One of my Christmas gifts from Ro was this newly re-released edition of a Gaiman comic book. I haven’t gotten around to reading any of Gaiman’s comics yet (there are so many and, as someone who has never been a huge comic fan, it’s a bit daunting), but this was a good start.
I liked the Theatre of the Real – it was creepy and scary and could definitely mess with your head – like most of Gaiman’s worlds. The comic was written in such a way that I probably would have guessed it was a Neil Gaiman work even before reading his name on the cover.
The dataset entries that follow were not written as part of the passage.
lemma A2_row_sum_lt_row_sum_s:
  assumes "i < card V2"
  defines "v \<equiv> sorted_list_of_set V2 ! i"
  shows "0 \<le> (\<Sum>w\<in>V2. A $$ (v,w))" "(\<Sum>w\<in>V2. A $$ (v,w)) < row_sum_s A V1 V2 i"
proof -
  have v: "v \<in> V2" using assms finite_V2 nth_mem[of i "sorted_list_of_set V2"] by simp
  then obtain u where u: "u \<in> V1" "A $$ (u,v) > 0" using V2_adj by blast
  have "A $$ (u,v) \<le> (\<Sum>u\<in>V1. A $$ (u,v))"
    using u v V1_sub V2_sub finite_V1 by (intro member_le_sum A_nonneg) auto
  with u have "0 < (\<Sum>u\<in>V1. A $$ (u,v))" by linarith
  moreover show "0 \<le> (\<Sum>w\<in>V2. A $$ (v,w))"
    using v V2_sub by (intro sum_nonneg A_nonneg) auto
  ultimately show "(\<Sum>w\<in>V2. A $$ (v,w)) < row_sum_s A V1 V2 i"
    using row_sum_s_eq[OF finite_V1 finite_V2 assms(1)] by (simp add: v_def)
qed

lemma A2_tilde_nonneg: "nonneg_mat (A2_tilde A V1 V2)"
  unfolding nonneg_mat_def
proof (intro allI impI)
  fix i j assume ij: "i < dim_row (A2_tilde A V1 V2)" "j < dim_col (A2_tilde A V1 V2)"
  then have "i < card V2" "j < card V2" by (simp_all add: A2_tilde_def)
  then show "0 \<le> A2_tilde A V1 V2 $$ (i,j)"
    using A2_row_sum_lt_row_sum_s[of i] V2_sub finite_V2
      nth_mem[of i "sorted_list_of_set V2"] nth_mem[of j "sorted_list_of_set V2"]
    by (auto simp: A2_tilde_def A2_mat_def index_submat_idx intro!: divide_nonneg_pos A_nonneg)
qed
lemma Ghol_eq_HGH_set:
  fixes i0 i1 :: "'n::finite"
  assumes n: "i0 \<noteq> i1"
  shows "Ghol i0 i1 = HGH_set i0 i1 Spi"
proof (intro equalityI subsetI)
  define \<sigma> where "\<sigma> = complex_of_real pi * \<i> / 2"
  have "exp \<sigma> = \<i>" "exp (- \<sigma>) = - \<i>"
    by (simp_all add: \<sigma>_def exp_eq_polar cis.ctr complex_eq_iff)
  then have "exp \<sigma> + exp (- \<sigma>) = 0" "exp (- \<sigma>) + exp (- (- \<sigma>)) = 0" by simp_all
  note KH = conj_exph_KC_HC[OF n this(1)] conj_exph_KC_HC[OF n this(2), simplified]
  have strip: "\<sigma> + z \<in> Spi \<longleftrightarrow> \<bar>Im z\<bar> < pi / 2" for z
    by (auto simp: \<sigma>_def Spi_def)
  note shift = matrix_mul_assoc[symmetric] exph_add_left[OF n] exph_add[OF n] exph_zero[OF n]
  fix x
  {
    assume "x \<in> Ghol i0 i1"
    then obtain k1 z1 g z2 k2 where k: "k1 \<in> KC i0" "k2 \<in> KC i0" and g: "g \<in> Greal i0"
      and z: "\<bar>Im z1\<bar> < pi / 2" "\<bar>Im z2\<bar> < pi / 2"
      and x: "x = exph i0 i1 \<sigma> ** (k1 ** exph i0 i1 z1 ** g ** exph i0 i1 z2 ** k2) ** exph i0 i1 \<sigma>"
      unfolding mem_Ghol_iff \<sigma>_def by blast
    have "x = (exph i0 i1 \<sigma> ** k1 ** exph i0 i1 (- \<sigma>)) ** exph i0 i1 (\<sigma> + z1) ** g
        ** exph i0 i1 (\<sigma> + z2) ** (exph i0 i1 (- \<sigma>) ** k2 ** exph i0 i1 \<sigma>)"
      by (simp add: x shift add.commute)
    then show "x \<in> HGH_set i0 i1 Spi"
      using k g z by (simp add: HGH_setI KH strip)
  next
    assume "x \<in> HGH_set i0 i1 Spi"
    then obtain h1 z1 g z2 h2 where h: "h1 \<in> HC i0 i1" "h2 \<in> HC i0 i1" and g: "g \<in> Greal i0"
      and z: "\<sigma> + (- \<sigma> + z1) \<in> Spi" "\<sigma> + (- \<sigma> + z2) \<in> Spi"
      and x: "x = h1 ** exph i0 i1 z1 ** g ** exph i0 i1 z2 ** h2"
      by (auto elim: HGH_setE)
    have "x = exph i0 i1 \<sigma> ** ((exph i0 i1 (- \<sigma>) ** h1 ** exph i0 i1 \<sigma>)
        ** exph i0 i1 (- \<sigma> + z1) ** g ** exph i0 i1 (- \<sigma> + z2)
        ** (exph i0 i1 \<sigma> ** h2 ** exph i0 i1 (- \<sigma>))) ** exph i0 i1 \<sigma>"
      by (simp add: x shift add.commute)
    also have "\<dots> \<in> Ghol i0 i1"
      using h g z KH unfolding strip by (intro GholI[of _ _ _ _ _ _ i1, folded \<sigma>_def]) simp_all
    finally show "x \<in> Ghol i0 i1" .
  }
qed

theorem mainTheorem10:
  fixes i0 i1 :: "'n::finite"
  assumes "i0 \<noteq> i1"
  shows "Ghol i0 i1 \<subseteq> GC i0
    \<and> (\<forall>g \<in> Ghol i0 i1. mcnj g \<in> Ghol i0 i1)
    \<and> (\<forall>g \<in> Ghol i0 i1. matrix_inv g \<in> Ghol i0 i1)
    \<and> (\<forall>g \<in> Ghol i0 i1. mexp (smat (pi * \<i>) (hmat i0 i1)) ** g
                            ** mexp (smat (- pi * \<i>) (hmat i0 i1)) \<in> Ghol i0 i1)
    \<and> Ghol i0 i1 = HC i0 i1 \<cdot>\<cdot> expS i0 i1 Spi \<cdot>\<cdot> Greal i0 \<cdot>\<cdot> expS i0 i1 Spi \<cdot>\<cdot> HC i0 i1
    \<and> Ghol i0 i1 = HC i0 i1 \<cdot>\<cdot> expS i0 i1 (uminus ` Spi) \<cdot>\<cdot> Greal i0
                   \<cdot>\<cdot> expS i0 i1 (uminus ` Spi) \<cdot>\<cdot> HC i0 i1"
proof -
  note n = assms
  have Ghol: "Ghol i0 i1 = HGH_set i0 i1 Spi"
    by (rule Ghol_eq_HGH_set[OF n])
  have reflected: "HGH_set i0 i1 (uminus ` Spi) = HGH_set i0 i1 Spi"
    using HGH_set_translate[OF n exph_pi(1)[OF n], of "uminus ` Spi"]
      HGH_set_translate[OF n exph_pi(2)[OF n], of Spi]
    unfolding Spi_images by (rule equalityI)
  have "mcnj g \<in> Ghol i0 i1" if "g \<in> Ghol i0 i1" for g
    using HGH_set_mcnj[OF n that[unfolded Ghol]] by (simp add: Ghol reflected Spi_images)
  moreover have "matrix_inv g \<in> Ghol i0 i1" if "g \<in> Ghol i0 i1" for g
    using HGH_set_inv[OF n that[unfolded Ghol]] by (simp add: Ghol reflected)
  moreover have "exph i0 i1 (pi * \<i>) ** g ** exph i0 i1 (- pi * \<i>) \<in> Ghol i0 i1"
    if "g \<in> Ghol i0 i1" for g
    using HGH_set_conj_negate_plane[OF n that[unfolded Ghol]] unfolding Ghol exph_pi[OF n] .
  ultimately show ?thesis
    using HGH_set_subset_GC[OF n] by (simp add: Ghol reflected flip: HGH_set_def)
qed

end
Michael Zulli’s artwork is very well done. Again, I’m not a big comic reader, so I don’t really have a basis of comparison, but in my humble opinion, they were eye-pleasing.
While I realize the Showman is supposed to be Alice Cooper (the persona, not the person), I couldn’t help thinking that if this had been made into a movie 15 years ago, Johnny Depp would have done an incredible job as the villain.
The only thing is, now I feel the urge to listen to Alice Cooper…
“Zach, Poppy, and Alice have been friends forever. And for almost as long, they’ve been playing one continuous, ever-changing game of pirates and thieves, mermaids and warriors. Ruling over all is the Great Queen, a bone-china doll cursing those who displease her.
But they are in middle school now. Zach’s father pushes him to give up make-believe, and Zach quits the game. Their friendship might be over, until Poppy declares she’s been having dreams about the Queen—and the ghost of a girl who will not rest until the bone-china doll is buried in her empty grave.
Zach and Alice and Poppy set off on one last adventure to lay the Queen’s ghost to rest. But nothing goes according to plan, and as their adventure turns into an epic journey, creepy things begin to happen. Is the doll just a doll or something more sinister? And if there really is a ghost, will it let them go now that it has them in its clutches?”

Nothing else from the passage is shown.